FIGURE 5. Accuracies on different tissues on independent test set I. The tissues include the lung (LUNG), stomach (STCH), hematopoietic and lymphoid tissue (HAUE), skin (SKIN), large intestine (LANE), breast (BRST), biliary tract (BICT), esophagus (OEUS), liver (LIER), prostate (PRTE), upper aerodigestive tract (UPCT), pancreas (PAAS), soft tissue (SOUE), central nervous system (CEEM), urinary tract (URCT), NS (NSNS), salivary gland (SAND), bone (BONE), thyroid (THID), ovary (OVRY), kidney (KIEY), endometrium (ENUM), meninges (MEES), adrenal gland (ADND), pleura (PLRA), small intestine (SMNE), eye (EYYE), testis (TEIS), genital tract (GECT), pituitary (PIRY), thymus (THUS), and peritoneum (PEUM).
We further evaluated the mutation distributions among the aforementioned tissues. The prevalence of these putative driver mutations across tissues is shown in Figure 6. It can be seen that hematopoietic and lymphoid, lung, stomach, large intestine, breast, and skin tissues achieve higher distributions compared to the other 26 tissues. This fact indicates that synonymous mutations occurring in hematopoietic and lymphoid tissue have the highest chance to be driver mutations.
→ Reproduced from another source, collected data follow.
definition submod :: "('a, 'c) ring_scheme \<Rightarrow> ('a, 'b, 'd) module_scheme \<Rightarrow> 'b set \<Rightarrow> bool" where
  "submod R M N \<longleftrightarrow> N \<subseteq> carrier M \<and> \<zero>\<^bsub>M\<^esub> \<in> N
     \<and> (\<forall>x\<in>N. \<forall>y\<in>N. x \<oplus>\<^bsub>M\<^esub> y \<in> N)
     \<and> (\<forall>x\<in>N. \<ominus>\<^bsub>M\<^esub> x \<in> N)
     \<and> (\<forall>a\<in>carrier R. \<forall>x\<in>N. a \<odot>\<^bsub>M\<^esub> x \<in> N)"

definition mod_end :: "('a, 'c) ring_scheme \<Rightarrow> ('a, 'b, 'd) module_scheme \<Rightarrow> ('b \<Rightarrow> 'b) set" where
  "mod_end R M = {f. f \<in> carrier M \<rightarrow>\<^sub>E carrier M
     \<and> (\<forall>x\<in>carrier M. \<forall>y\<in>carrier M. f (x \<oplus>\<^bsub>M\<^esub> y) = f x \<oplus>\<^bsub>M\<^esub> f y)
     \<and> (\<forall>a\<in>carrier R. \<forall>x\<in>carrier M. f (a \<odot>\<^bsub>M\<^esub> x) = a \<odot>\<^bsub>M\<^esub> f x)}"

definition End_ring :: "('a, 'c) ring_scheme \<Rightarrow> ('a, 'b, 'd) module_scheme \<Rightarrow> ('b \<Rightarrow> 'b) ring" where
  "End_ring R M = \<lparr> carrier = mod_end R M,
      monoid.mult = (\<lambda>f g. compose (carrier M) f g),
      monoid.one = (\<lambda>x\<in>carrier M. x),
      ring.zero = (\<lambda>x\<in>carrier M. \<zero>\<^bsub>M\<^esub>),
      ring.add = (\<lambda>f g. \<lambda>x\<in>carrier M. f x \<oplus>\<^bsub>M\<^esub> g x) \<rparr>"

definition ring_center :: "('a, 'c) ring_scheme \<Rightarrow> 'a set" where
  "ring_center S = {z \<in> carrier S. \<forall>b\<in>carrier S. z \<otimes>\<^bsub>S\<^esub> b = b \<otimes>\<^bsub>S\<^esub> z}"

definition centrally_essential :: "('a, 'c) ring_scheme \<Rightarrow> bool" where
  "centrally_essential S \<longleftrightarrow> (\<forall>a\<in>carrier S. a \<noteq> \<zero>\<^bsub>S\<^esub> \<longrightarrow>
     (\<exists>x\<in>ring_center S. \<exists>y\<in>ring_center S. x \<noteq> \<zero>\<^bsub>S\<^esub> \<and> y \<noteq> \<zero>\<^bsub>S\<^esub> \<and> a \<otimes>\<^bsub>S\<^esub> x = y))"

definition fully_invariant :: "('a, 'c) ring_scheme \<Rightarrow> ('a, 'b, 'd) module_scheme \<Rightarrow> 'b set \<Rightarrow> bool" where
  "fully_invariant R M N \<longleftrightarrow> submod R M N \<and> (\<forall>f\<in>mod_end R M. f ` N \<subseteq> N)"

definition direct_decomposition ::
  "('a, 'c) ring_scheme \<Rightarrow> ('a, 'b, 'd) module_scheme \<Rightarrow> 'i set \<Rightarrow> ('i \<Rightarrow> 'b set) \<Rightarrow> bool" where
  "direct_decomposition R M I A \<longleftrightarrow> (\<forall>i\<in>I. submod R M (A i))
     \<and> (\<forall>x\<in>carrier M. \<exists>!c. c \<in> extensional I \<and> (\<forall>i\<in>I. c i \<in> A i)
          \<and> finite {i\<in>I. c i \<noteq> \<zero>\<^bsub>M\<^esub>}
          \<and> x = finsum M c {i\<in>I. c i \<noteq> \<zero>\<^bsub>M\<^esub>})"

end

theory Submission
  imports Defs
begin

text \<open>In a centrally essential ring every idempotent \<open>e\<close> is central: for any \<open>f\<close>, the elements
  \<open>f e - e f e\<close> and \<open>e f - e f e\<close> are annihilated by \<open>e\<close> on one side and fixed by it on the
  other, and a nonzero central multiple of such an element is impossible. So the projections onto
  the summands are central in \<open>End A\<close>; this makes every \<open>A\<^sub>i\<close> fully invariant, and endomorphisms
  can be moved between \<open>A\<^sub>i\<close> and \<open>A\<close> by restricting and by precomposing with the projection, both
  of which preserve centrality and nonvanishing on \<open>A\<^sub>i\<close>. Conversely, if all \<open>A\<^sub>i\<close> are fully
  invariant, the projections commute with every endomorphism, and a nonzero endomorphism of \<open>A\<close>
  is nonzero on some \<open>A\<^sub>i\<close>, where its restriction has a central multiple that extends to \<open>A\<close>.\<close>

lemma (in ring) centrally_essential_right_annihilated:
  assumes ce: "centrally_essential R" and g: "g \<in> carrier R" and e: "e \<in> carrier R"
    and ge: "g \<otimes> e = g" and eg: "e \<otimes> g = \<zero>"
  shows "g = \<zero>"
proof (rule ccontr)
  assume "g \<noteq> \<zero>"
  then obtain x y where x: "x \<in> ring_center R" and y: "y \<in> ring_center R"
    and "y \<noteq> \<zero>" and gx: "g \<otimes> x = y"
    using ce g unfolding centrally_essential_def by blast
  have xc: "x \<in> carrier R" and xe: "e \<otimes> x = x \<otimes> e" using x e by (auto simp: ring_center_def)
  have "y = g \<otimes> e \<otimes> x" using gx ge by simp
  also have "\<dots> = y \<otimes> e" using xe g e xc gx by (simp add: m_assoc flip: gx)
  also have "\<dots> = e \<otimes> g \<otimes> x" using y gx e g xc by (simp add: ring_center_def m_assoc)
  also have "\<dots> = \<zero>" using eg xc by simp
  finally show False using \<open>y \<noteq> \<zero>\<close> by contradiction
qed

lemma (in ring) centrally_essential_left_annihilated:
  assumes ce: "centrally_essential R" and g: "g \<in> carrier R" and e: "e \<in> carrier R"
    and eg: "e \<otimes> g = g" and ge: "g \<otimes> e = \<zero>"
  shows "g = \<zero>"
proof (rule ccontr)
  assume "g \<noteq> \<zero>"
  then obtain x y where x: "x \<in> ring_center R" and y: "y \<in> ring_center R"
    and "y \<noteq> \<zero>" and gx: "g \<otimes> x = y"
    using ce g unfolding centrally_essential_def by blast
  have xc: "x \<in> carrier R" and xe: "e \<otimes> x = x \<otimes> e" using x e by (auto simp: ring_center_def)
  have "y = e \<otimes> g \<otimes> x" using gx eg by simp
  also have "\<dots> = y \<otimes> e" using y gx e g xc by (simp add: ring_center_def m_assoc)
  also have "\<dots> = g \<otimes> e \<otimes> x" using xe g e xc gx by (simp add: m_assoc flip: gx)
  also have "\<dots> = \<zero>" using ge xc by simp
  finally show False using \<open>y \<noteq> \<zero>\<close> by contradiction
qed

lemma (in ring) idempotent_in_center_if_centrally_essential:
  assumes ce: "centrally_essential R" and e: "e \<in> carrier R" and ee: "e \<otimes> e = e"
  shows "e \<in> ring_center R"
  unfolding ring_center_def
proof (intro CollectI conjI ballI e)
  fix f assume f: "f \<in> carrier R"
  have eee: "e \<otimes> (e \<otimes> f) = e \<otimes> f" "f \<otimes> e \<otimes> e = f \<otimes> e"
    using ee e f by (simp_all flip: m_assoc add: m_assoc)
  have "f \<otimes> e \<ominus> e \<otimes> f \<otimes> e = \<zero>"
  proof (rule centrally_essential_right_annihilated[OF ce _ e])
    show "(f \<otimes> e \<ominus> e \<otimes> f \<otimes> e) \<otimes> e = f \<otimes> e \<ominus> e \<otimes> f \<otimes> e"
      using e f eee by (simp add: minus_eq l_distr l_minus m_assoc)
    show "e \<otimes> (f \<otimes> e \<ominus> e \<otimes> f \<otimes> e) = \<zero>"
      using e f eee by (simp add: minus_eq r_distr r_minus m_assoc[symmetric] r_neg)
  qed (use e f in simp)
  moreover have "e \<otimes> f \<ominus> e \<otimes> f \<otimes> e = \<zero>"
  proof (rule centrally_essential_left_annihilated[OF ce _ e])
    show "e \<otimes> (e \<otimes> f \<ominus> e \<otimes> f \<otimes> e) = e \<otimes> f \<ominus> e \<otimes> f \<otimes> e"
      using e f eee by (simp add: minus_eq r_distr r_minus m_assoc[symmetric])
    show "(e \<otimes> f \<ominus> e \<otimes> f \<otimes> e) \<otimes> e = \<zero>"
      using e f eee by (simp add: minus_eq l_distr l_minus m_assoc r_neg)
  qed (use e f in simp)
  ultimately show "e \<otimes> f = f \<otimes> e"
    using e f by (metis r_right_minus_eq m_closed)
qed

lemma (in abelian_group) abelian_group_hom_endoI:
  assumes "h \<in> carrier G \<rightarrow> carrier G"
    and "\<And>x y. x \<in> carrier G \<Longrightarrow> y \<in> carrier G \<Longrightarrow> h (x \<oplus> y) = h x \<oplus> h y"
  shows "abelian_group_hom G G h"
  using assms
  by (intro abelian_group_homI abelian_group_axioms group_hom.intro group_hom_axioms.intro a_group homI)
    auto

lemma (in abelian_group_hom) hom_finsum:
  assumes "finite S" and "c \<in> S \<rightarrow> carrier G"
  shows "h (finsum G c S) = finsum H (h \<circ> c) S"
  using assms by (induction S rule: finite_induct) (simp_all add: G.finsum_insert H.finsum_insert Pi_iff)

lemma mod_end_closed: "f \<in> mod_end R M \<Longrightarrow> x \<in> carrier M \<Longrightarrow> f x \<in> carrier M"
  unfolding mod_end_def by auto

lemma mod_end_add:
  "f \<in> mod_end R M \<Longrightarrow> x \<in> carrier M \<Longrightarrow> y \<in> carrier M \<Longrightarrow> f (x \<oplus>\<^bsub>M\<^esub> y) = f x \<oplus>\<^bsub>M\<^esub> f y"
  unfolding mod_end_def by auto

lemma mod_end_smult:
  "f \<in> mod_end R M \<Longrightarrow> a \<in> carrier R \<Longrightarrow> x \<in> carrier M \<Longrightarrow> f (a \<odot>\<^bsub>M\<^esub> x) = a \<odot>\<^bsub>M\<^esub> f x"
  unfolding mod_end_def by auto

lemma mod_end_eqI:
  assumes "f \<in> mod_end R M" and "g \<in> mod_end R M" and "\<And>x. x \<in> carrier M \<Longrightarrow> f x = g x"
  shows "f = g"
  using assms unfolding mod_end_def by (intro extensionalityI[of _ "carrier M"]) (auto simp: PiE_iff)

lemma mod_end_ne_zero_iff:
  "f \<in> mod_end R M \<Longrightarrow> f \<noteq> (\<lambda>x\<in>carrier M. \<zero>\<^bsub>M\<^esub>) \<longleftrightarrow> (\<exists>x\<in>carrier M. f x \<noteq> \<zero>\<^bsub>M\<^esub>)"
  unfolding mod_end_def by (auto simp: fun_eq_iff PiE_def extensional_def)

lemma mod_end_compose_eqI:
  assumes "y \<in> mod_end R M" and "\<And>x. x \<in> carrier M \<Longrightarrow> f (g x) = y x"
  shows "compose (carrier M) f g = y"
  using assms unfolding mod_end_def
  by (intro extensionalityI[of _ "carrier M"]) (auto simp: PiE_iff compose_eq)

lemma End_ring_simps [simp]:
  "carrier (End_ring R M) = mod_end R M"
  "f \<otimes>\<^bsub>End_ring R M\<^esub> g = compose (carrier M) f g"
  "\<one>\<^bsub>End_ring R M\<^esub> = (\<lambda>x\<in>carrier M. x)"
  "\<zero>\<^bsub>End_ring R M\<^esub> = (\<lambda>x\<in>carrier M. \<zero>\<^bsub>M\<^esub>)"
  "f \<oplus>\<^bsub>End_ring R M\<^esub> g = (\<lambda>x\<in>carrier M. f x \<oplus>\<^bsub>M\<^esub> g x)"
  by (simp_all add: End_ring_def)

lemma compose_commute_iff:
  "compose A f g = compose A g f \<longleftrightarrow> (\<forall>x\<in>A. f (g x) = g (f x))"
proof
  assume "compose A f g = compose A g f"
  then show "\<forall>x\<in>A. f (g x) = g (f x)"
    by (metis compose_eq)
qed (simp add: compose_def cong: restrict_cong)

lemma in_center_End_ring_iff:
  "z \<in> ring_center (End_ring R M) \<longleftrightarrow>
     z \<in> mod_end R M \<and> (\<forall>f\<in>mod_end R M. \<forall>x\<in>carrier M. z (f x) = f (z x))"
  unfolding ring_center_def End_ring_simps compose_commute_iff by blast

context left_module
begin

lemma mod_end_abelian_group_hom: "f \<in> mod_end R M \<Longrightarrow> abelian_group_hom M M f"
  by (rule M.abelian_group_hom_endoI) (auto simp: mod_end_closed mod_end_add)

lemma smult_abelian_group_hom: "a \<in> carrier R \<Longrightarrow> abelian_group_hom M M (\<lambda>x. a \<odot>\<^bsub>M\<^esub> x)"
  by (rule M.abelian_group_hom_endoI) (auto simp: smult_r_distr)

lemma mod_end_zero: "f \<in> mod_end R M \<Longrightarrow> f \<zero>\<^bsub>M\<^esub> = \<zero>\<^bsub>M\<^esub>"
  using abelian_group_hom.hom_zero[OF mod_end_abelian_group_hom] .

lemma mod_end_compose:
  "f \<in> mod_end R M \<Longrightarrow> g \<in> mod_end R M \<Longrightarrow> compose (carrier M) f g \<in> mod_end R M"
  by (auto simp: mod_end_def compose_def PiE_iff)

lemma mod_end_id: "(\<lambda>x\<in>carrier M. x) \<in> mod_end R M"
  by (simp add: mod_end_def)

lemma smult_zero: "a \<in> carrier R \<Longrightarrow> a \<odot>\<^bsub>M\<^esub> \<zero>\<^bsub>M\<^esub> = \<zero>\<^bsub>M\<^esub>"
  using abelian_group_hom.hom_zero[OF smult_abelian_group_hom] .

lemma mod_end_zero_map: "(\<lambda>x\<in>carrier M. \<zero>\<^bsub>M\<^esub>) \<in> mod_end R M"
  by (simp add: mod_end_def smult_zero)

lemma mod_end_add_map:
  assumes "f \<in> mod_end R M" and "g \<in> mod_end R M"
  shows "(\<lambda>x\<in>carrier M. f x \<oplus>\<^bsub>M\<^esub> g x) \<in> mod_end R M"
  using assms by (subst mod_end_def) (auto simp: mod_end_closed mod_end_add mod_end_smult smult_r_distr M.a_ac)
On the other hand, synonymous mutations that occur in the pleura, genital tract, thymus, peritoneum, and parathyroid tissues have the lowest chance of serving as driver mutations. By comparing the prevalence of driver missense mutations across tissues reported in (4), we found that mutations in four types of tissues, including the lung, stomach, breast, and colon, had a high prevalence for both synonymous and missense mutations.
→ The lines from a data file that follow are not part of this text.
(* Fix $T>0$ and $L>0$. For $t\in[0,T]$ and $x,y\in[-L,L]$ let $H_L^D(t;x,y)=\Gamma(t,x-y)-\Gamma_L^D(t;x,y)$. Then $H_L^D(t;x,y)>0$ and $$\int_{-L}^Ldy\,H_L^D(t;x,y)\le K_{t,x,L}\left[e^{-\frac{(L-x)^2}{4t}}+e^{-\frac{(L+x)^2}{4t}}\right],$$ $$\int_0^tds\int_{-L}^Ldy\,H_L^D(s;x,y)\le t\,K_{t,x,L}\left[e^{-\frac{(L-x)^2}{4t}}+e^{-\frac{(L+x)^2}{4t}}\right],$$ $$\int_0^tds\int_{-L}^Ldy\,[H_L^D(s;x,y)]^2\le\sqrt{\tfrac{t}{\pi}}\,K_{t,x,L}\left[e^{-\frac{(L-x)^2}{4t}}+e^{-\frac{(L+x)^2}{4t}}\right]^2.$$
   Context: $\Gamma(t,x)=(4\pi t)^{-1/2}\exp(-x^2/(4t))$ for $t>0$. $\Gamma_L^D(t;x,y)=\sum_{m\in\mathbb Z}[\Gamma(t,x-y+4mL)-\Gamma(t,x+y+(4m+2)L)]$ (equivalently $\frac1L\sum_{n\ge1}e^{-\pi^2n^2t/(4L^2)}\sin(\frac{n\pi}{2L}(x+L))\sin(\frac{n\pi}{2L}(y+L))$) is the Green's function of $\partial_t-\partial_x^2$ on $[-L,L]$ with vanishing Dirichlet boundary conditions. $K_{t,x,L}=\min\left(\frac12,\sqrt{t/\pi}\,\max\left(\frac1{L-x},\frac1{L+x}\right)\right)$. *)

theory Defs
  imports "HOL-Analysis.Analysis"
begin

definition heatGamma :: "real \<Rightarrow> real \<Rightarrow> real" where
  "heatGamma t x = (4 * pi * t) powr (-1/2) * exp (- (x^2) / (4 * t))"

text \<open>Dirichlet Green's function on [-L,L], given by the method of images
  (sum over all integers m).\<close>
definition GammaD :: "real \<Rightarrow> real \<Rightarrow> real \<Rightarrow> real \<Rightarrow> real" where
  "GammaD L t x y =
     (\<Sum>\<^sub>\<infinity> m :: int. heatGamma t (x - y + 4 * of_int m * L)
                     - heatGamma t (x + y + (4 * of_int m + 2) * L))"

definition HD :: "real \<Rightarrow> real \<Rightarrow> real \<Rightarrow> real \<Rightarrow> real" where
  "HD L t x y = heatGamma t (x - y) - GammaD L t x y"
The genes with mutations containing more than 50 were TTN, MUC2, MUC4, KDM6A, CSMD1, MXRA5, RELN, SCN10A, and ZFHX3. We tried to remove these genes with mutations more than the thresholds of 60, 50, 40, 30, 20, and 10, respectively, since there may be localized mutation processes (e.g., AID hypermutation; APOBEC3A and DNA stem-loop structures) that generate recurrent but non-causal mutations. Then, we calculated the corresponding prediction accuracy for each aforementioned threshold. As shown in Figure 7, the accuracy ranges from 0.783 to 0.788, while the threshold decreases from 60 to 10. The results indicate that the prediction performance is changed slightly with different thresholds.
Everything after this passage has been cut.